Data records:
------------------------------------------------------------
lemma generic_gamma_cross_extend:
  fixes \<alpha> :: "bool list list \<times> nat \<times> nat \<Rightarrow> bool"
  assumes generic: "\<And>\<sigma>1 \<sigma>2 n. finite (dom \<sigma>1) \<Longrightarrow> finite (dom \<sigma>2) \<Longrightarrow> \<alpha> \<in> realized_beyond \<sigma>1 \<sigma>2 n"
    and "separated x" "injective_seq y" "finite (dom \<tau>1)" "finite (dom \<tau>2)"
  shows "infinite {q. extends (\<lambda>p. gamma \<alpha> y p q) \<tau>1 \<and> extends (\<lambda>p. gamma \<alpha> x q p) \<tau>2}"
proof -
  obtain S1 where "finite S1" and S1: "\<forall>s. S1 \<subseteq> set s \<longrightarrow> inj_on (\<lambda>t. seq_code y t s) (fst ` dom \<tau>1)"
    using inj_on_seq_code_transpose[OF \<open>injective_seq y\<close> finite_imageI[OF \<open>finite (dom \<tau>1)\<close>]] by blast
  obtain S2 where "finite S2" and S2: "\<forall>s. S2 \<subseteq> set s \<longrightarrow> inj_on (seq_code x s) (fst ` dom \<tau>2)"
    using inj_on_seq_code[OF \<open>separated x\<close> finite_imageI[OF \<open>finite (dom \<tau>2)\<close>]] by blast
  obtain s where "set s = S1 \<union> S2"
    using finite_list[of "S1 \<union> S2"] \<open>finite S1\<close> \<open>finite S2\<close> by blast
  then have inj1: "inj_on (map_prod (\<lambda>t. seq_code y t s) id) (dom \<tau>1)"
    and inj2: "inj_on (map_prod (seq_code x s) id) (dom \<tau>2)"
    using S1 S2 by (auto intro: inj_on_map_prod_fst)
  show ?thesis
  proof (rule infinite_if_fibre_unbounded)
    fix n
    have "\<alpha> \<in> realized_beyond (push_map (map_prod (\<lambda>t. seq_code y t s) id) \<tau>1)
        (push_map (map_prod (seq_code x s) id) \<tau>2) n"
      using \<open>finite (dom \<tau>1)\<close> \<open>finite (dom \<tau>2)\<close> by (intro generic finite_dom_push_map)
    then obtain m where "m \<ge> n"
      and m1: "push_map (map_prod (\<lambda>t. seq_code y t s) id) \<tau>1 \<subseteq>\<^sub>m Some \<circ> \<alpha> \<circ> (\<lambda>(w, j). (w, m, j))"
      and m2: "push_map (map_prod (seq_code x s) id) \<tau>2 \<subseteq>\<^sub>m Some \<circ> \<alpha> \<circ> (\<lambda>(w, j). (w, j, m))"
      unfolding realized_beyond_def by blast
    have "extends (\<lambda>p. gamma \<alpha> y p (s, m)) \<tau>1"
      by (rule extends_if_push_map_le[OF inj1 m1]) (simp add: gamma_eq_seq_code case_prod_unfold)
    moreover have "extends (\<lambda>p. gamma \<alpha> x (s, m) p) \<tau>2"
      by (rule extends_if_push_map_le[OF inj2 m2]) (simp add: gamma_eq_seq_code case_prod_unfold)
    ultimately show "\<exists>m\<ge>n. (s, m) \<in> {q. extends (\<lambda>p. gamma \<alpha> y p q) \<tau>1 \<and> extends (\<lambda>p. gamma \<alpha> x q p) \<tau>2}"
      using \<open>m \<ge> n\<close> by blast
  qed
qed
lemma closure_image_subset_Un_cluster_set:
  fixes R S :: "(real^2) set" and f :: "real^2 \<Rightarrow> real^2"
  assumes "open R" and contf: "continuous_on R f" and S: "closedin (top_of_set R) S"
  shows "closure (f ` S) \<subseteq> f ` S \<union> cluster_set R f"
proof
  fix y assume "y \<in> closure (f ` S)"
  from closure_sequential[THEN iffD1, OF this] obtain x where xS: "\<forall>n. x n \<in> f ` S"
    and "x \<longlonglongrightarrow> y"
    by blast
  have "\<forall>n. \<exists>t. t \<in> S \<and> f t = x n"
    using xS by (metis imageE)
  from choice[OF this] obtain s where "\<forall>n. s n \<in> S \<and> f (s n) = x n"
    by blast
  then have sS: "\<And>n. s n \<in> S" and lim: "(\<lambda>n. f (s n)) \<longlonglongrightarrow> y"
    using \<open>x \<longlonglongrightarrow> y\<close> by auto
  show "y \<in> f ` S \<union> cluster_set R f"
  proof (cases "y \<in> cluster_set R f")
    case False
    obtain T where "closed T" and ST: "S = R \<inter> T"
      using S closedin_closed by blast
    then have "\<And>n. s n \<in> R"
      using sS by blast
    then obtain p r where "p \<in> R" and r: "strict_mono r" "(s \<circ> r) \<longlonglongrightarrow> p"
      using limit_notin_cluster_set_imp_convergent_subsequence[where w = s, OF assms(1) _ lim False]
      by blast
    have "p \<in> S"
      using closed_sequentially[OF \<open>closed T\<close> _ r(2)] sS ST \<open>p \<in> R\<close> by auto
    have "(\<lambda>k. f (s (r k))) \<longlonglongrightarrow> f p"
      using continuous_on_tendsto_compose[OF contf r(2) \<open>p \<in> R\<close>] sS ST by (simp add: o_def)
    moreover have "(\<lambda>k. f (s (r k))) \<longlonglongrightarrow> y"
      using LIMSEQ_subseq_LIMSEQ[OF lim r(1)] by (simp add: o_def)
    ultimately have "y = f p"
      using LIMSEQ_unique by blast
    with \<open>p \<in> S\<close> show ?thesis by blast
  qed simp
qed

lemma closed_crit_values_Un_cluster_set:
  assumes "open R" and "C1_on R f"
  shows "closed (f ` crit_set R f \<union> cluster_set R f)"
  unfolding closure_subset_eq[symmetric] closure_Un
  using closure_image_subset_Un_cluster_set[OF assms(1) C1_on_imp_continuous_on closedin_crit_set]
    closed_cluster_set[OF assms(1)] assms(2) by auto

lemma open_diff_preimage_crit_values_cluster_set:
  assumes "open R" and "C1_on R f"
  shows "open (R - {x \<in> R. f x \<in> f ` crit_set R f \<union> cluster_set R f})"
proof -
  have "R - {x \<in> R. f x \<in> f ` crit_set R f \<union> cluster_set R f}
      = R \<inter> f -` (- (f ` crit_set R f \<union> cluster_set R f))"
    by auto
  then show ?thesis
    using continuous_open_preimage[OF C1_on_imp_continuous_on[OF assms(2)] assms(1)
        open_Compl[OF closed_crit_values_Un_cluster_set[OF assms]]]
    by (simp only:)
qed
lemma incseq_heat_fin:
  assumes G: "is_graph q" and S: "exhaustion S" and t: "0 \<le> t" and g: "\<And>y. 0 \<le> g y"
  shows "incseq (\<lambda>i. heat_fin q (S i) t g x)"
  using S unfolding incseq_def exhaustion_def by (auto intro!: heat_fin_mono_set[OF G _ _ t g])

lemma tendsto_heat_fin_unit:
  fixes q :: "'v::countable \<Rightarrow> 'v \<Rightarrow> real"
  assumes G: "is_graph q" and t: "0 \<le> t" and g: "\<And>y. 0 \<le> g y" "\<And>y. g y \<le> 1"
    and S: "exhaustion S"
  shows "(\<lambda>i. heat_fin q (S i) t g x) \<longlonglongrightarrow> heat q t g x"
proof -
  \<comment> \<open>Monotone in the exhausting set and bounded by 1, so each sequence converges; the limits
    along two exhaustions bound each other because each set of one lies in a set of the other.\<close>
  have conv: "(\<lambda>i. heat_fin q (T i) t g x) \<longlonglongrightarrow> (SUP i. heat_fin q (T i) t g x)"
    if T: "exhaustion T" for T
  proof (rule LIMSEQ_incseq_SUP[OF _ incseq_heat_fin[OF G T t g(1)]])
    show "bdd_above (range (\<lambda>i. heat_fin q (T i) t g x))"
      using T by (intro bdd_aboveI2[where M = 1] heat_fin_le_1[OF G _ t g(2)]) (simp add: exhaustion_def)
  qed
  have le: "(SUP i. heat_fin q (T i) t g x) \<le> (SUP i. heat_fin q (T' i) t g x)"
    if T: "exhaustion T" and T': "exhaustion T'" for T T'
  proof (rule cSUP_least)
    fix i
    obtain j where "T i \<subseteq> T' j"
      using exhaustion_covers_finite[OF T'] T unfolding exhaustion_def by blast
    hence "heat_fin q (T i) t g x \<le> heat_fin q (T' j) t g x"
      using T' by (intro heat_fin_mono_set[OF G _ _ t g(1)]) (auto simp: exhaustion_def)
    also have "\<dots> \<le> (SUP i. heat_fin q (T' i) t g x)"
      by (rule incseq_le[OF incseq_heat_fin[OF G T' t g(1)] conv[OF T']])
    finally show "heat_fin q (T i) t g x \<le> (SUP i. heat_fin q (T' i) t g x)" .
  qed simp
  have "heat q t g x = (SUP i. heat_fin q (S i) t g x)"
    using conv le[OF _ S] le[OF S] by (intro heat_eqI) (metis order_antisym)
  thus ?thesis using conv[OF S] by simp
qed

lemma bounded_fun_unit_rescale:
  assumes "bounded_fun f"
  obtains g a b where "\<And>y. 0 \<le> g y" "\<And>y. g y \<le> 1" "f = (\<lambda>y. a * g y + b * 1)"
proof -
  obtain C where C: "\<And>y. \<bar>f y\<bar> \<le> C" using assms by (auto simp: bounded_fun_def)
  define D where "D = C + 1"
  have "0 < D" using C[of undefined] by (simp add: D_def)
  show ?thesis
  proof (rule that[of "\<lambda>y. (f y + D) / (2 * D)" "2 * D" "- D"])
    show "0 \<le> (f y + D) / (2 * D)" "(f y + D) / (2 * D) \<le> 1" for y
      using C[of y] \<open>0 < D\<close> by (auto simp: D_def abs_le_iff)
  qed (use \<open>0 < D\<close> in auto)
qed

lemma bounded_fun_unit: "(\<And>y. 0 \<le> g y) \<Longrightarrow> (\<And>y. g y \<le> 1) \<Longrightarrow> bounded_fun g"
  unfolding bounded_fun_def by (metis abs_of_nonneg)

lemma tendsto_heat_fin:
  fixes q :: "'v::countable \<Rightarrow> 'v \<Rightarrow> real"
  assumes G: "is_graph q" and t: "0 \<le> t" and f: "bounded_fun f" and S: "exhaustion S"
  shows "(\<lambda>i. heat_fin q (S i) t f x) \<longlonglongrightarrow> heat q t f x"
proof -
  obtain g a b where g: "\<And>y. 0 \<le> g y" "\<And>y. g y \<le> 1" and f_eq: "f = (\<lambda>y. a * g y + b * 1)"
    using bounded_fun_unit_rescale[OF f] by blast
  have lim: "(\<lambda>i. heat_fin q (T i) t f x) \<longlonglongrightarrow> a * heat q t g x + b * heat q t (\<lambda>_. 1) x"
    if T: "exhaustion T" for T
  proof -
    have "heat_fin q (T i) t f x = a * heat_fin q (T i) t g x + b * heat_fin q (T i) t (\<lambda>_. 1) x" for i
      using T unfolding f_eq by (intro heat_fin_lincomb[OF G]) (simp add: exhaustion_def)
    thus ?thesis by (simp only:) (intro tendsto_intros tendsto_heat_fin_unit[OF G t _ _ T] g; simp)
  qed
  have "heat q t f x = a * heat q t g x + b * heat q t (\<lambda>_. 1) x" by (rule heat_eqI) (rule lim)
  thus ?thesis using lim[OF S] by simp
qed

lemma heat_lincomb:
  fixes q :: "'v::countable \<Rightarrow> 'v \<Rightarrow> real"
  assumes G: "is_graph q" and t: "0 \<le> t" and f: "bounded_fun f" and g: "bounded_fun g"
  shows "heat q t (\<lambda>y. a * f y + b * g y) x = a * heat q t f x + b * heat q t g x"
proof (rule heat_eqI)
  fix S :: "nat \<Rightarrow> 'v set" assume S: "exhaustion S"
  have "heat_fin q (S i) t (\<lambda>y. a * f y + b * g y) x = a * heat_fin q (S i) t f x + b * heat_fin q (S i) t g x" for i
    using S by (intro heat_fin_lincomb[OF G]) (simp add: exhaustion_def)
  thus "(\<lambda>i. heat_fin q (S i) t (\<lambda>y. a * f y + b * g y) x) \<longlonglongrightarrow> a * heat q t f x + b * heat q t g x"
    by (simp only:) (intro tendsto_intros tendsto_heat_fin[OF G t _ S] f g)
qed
------------------------------------------------------------
■ YOUR TASK
Out of the data above, transcribe exactly and only the lines starting with the line that has "proof (rule cSUP_least)" and going on through the line that has "using bounded_fun_unit_rescale[OF f]", both included.

■ OUTPUT BELOW
  proof (rule cSUP_least)
    fix i
    obtain j where "T i \<subseteq> T' j"
      using exhaustion_covers_finite[OF T'] T unfolding exhaustion_def by blast
    hence "heat_fin q (T i) t g x \<le> heat_fin q (T' j) t g x"
      using T' by (intro heat_fin_mono_set[OF G _ _ t g(1)]) (auto simp: exhaustion_def)
    also have "\<dots> \<le> (SUP i. heat_fin q (T' i) t g x)"
      by (rule incseq_le[OF incseq_heat_fin[OF G T' t g(1)] conv[OF T']])
    finally show "heat_fin q (T i) t g x \<le> (SUP i. heat_fin q (T' i) t g x)" .
  qed simp
  have "heat q t g x = (SUP i. heat_fin q (S i) t g x)"
    using conv le[OF _ S] le[OF S] by (intro heat_eqI) (metis order_antisym)
  thus ?thesis using conv[OF S] by simp
qed

lemma bounded_fun_unit_rescale:
  assumes "bounded_fun f"
  obtains g a b where "\<And>y. 0 \<le> g y" "\<And>y. g y \<le> 1" "f = (\<lambda>y. a * g y + b * 1)"
proof -
  obtain C where C: "\<And>y. \<bar>f y\<bar> \<le> C" using assms by (auto simp: bounded_fun_def)
  define D where "D = C + 1"
  have "0 < D" using C[of undefined] by (simp add: D_def)
  show ?thesis
  proof (rule that[of "\<lambda>y. (f y + D) / (2 * D)" "2 * D" "- D"])
    show "0 \<le> (f y + D) / (2 * D)" "(f y + D) / (2 * D) \<le> 1" for y
      using C[of y] \<open>0 < D\<close> by (auto simp: D_def abs_le_iff)
  qed (use \<open>0 < D\<close> in auto)
qed

lemma bounded_fun_unit: "(\<And>y. 0 \<le> g y) \<Longrightarrow> (\<And>y. g y \<le> 1) \<Longrightarrow> bounded_fun g"
  unfolding bounded_fun_def by (metis abs_of_nonneg)

lemma tendsto_heat_fin:
  fixes q :: "'v::countable \<Rightarrow> 'v \<Rightarrow> real"
  assumes G: "is_graph q" and t: "0 \<le> t" and f: "bounded_fun f" and S: "exhaustion S"
  shows "(\<lambda>i. heat_fin q (S i) t f x) \<longlonglongrightarrow> heat q t f x"
proof -
  obtain g a b where g: "\<And>y. 0 \<le> g y" "\<And>y. g y \<le> 1" and f_eq: "f = (\<lambda>y. a * g y + b * 1)"
    using bounded_fun_unit_rescale[OF f] by blast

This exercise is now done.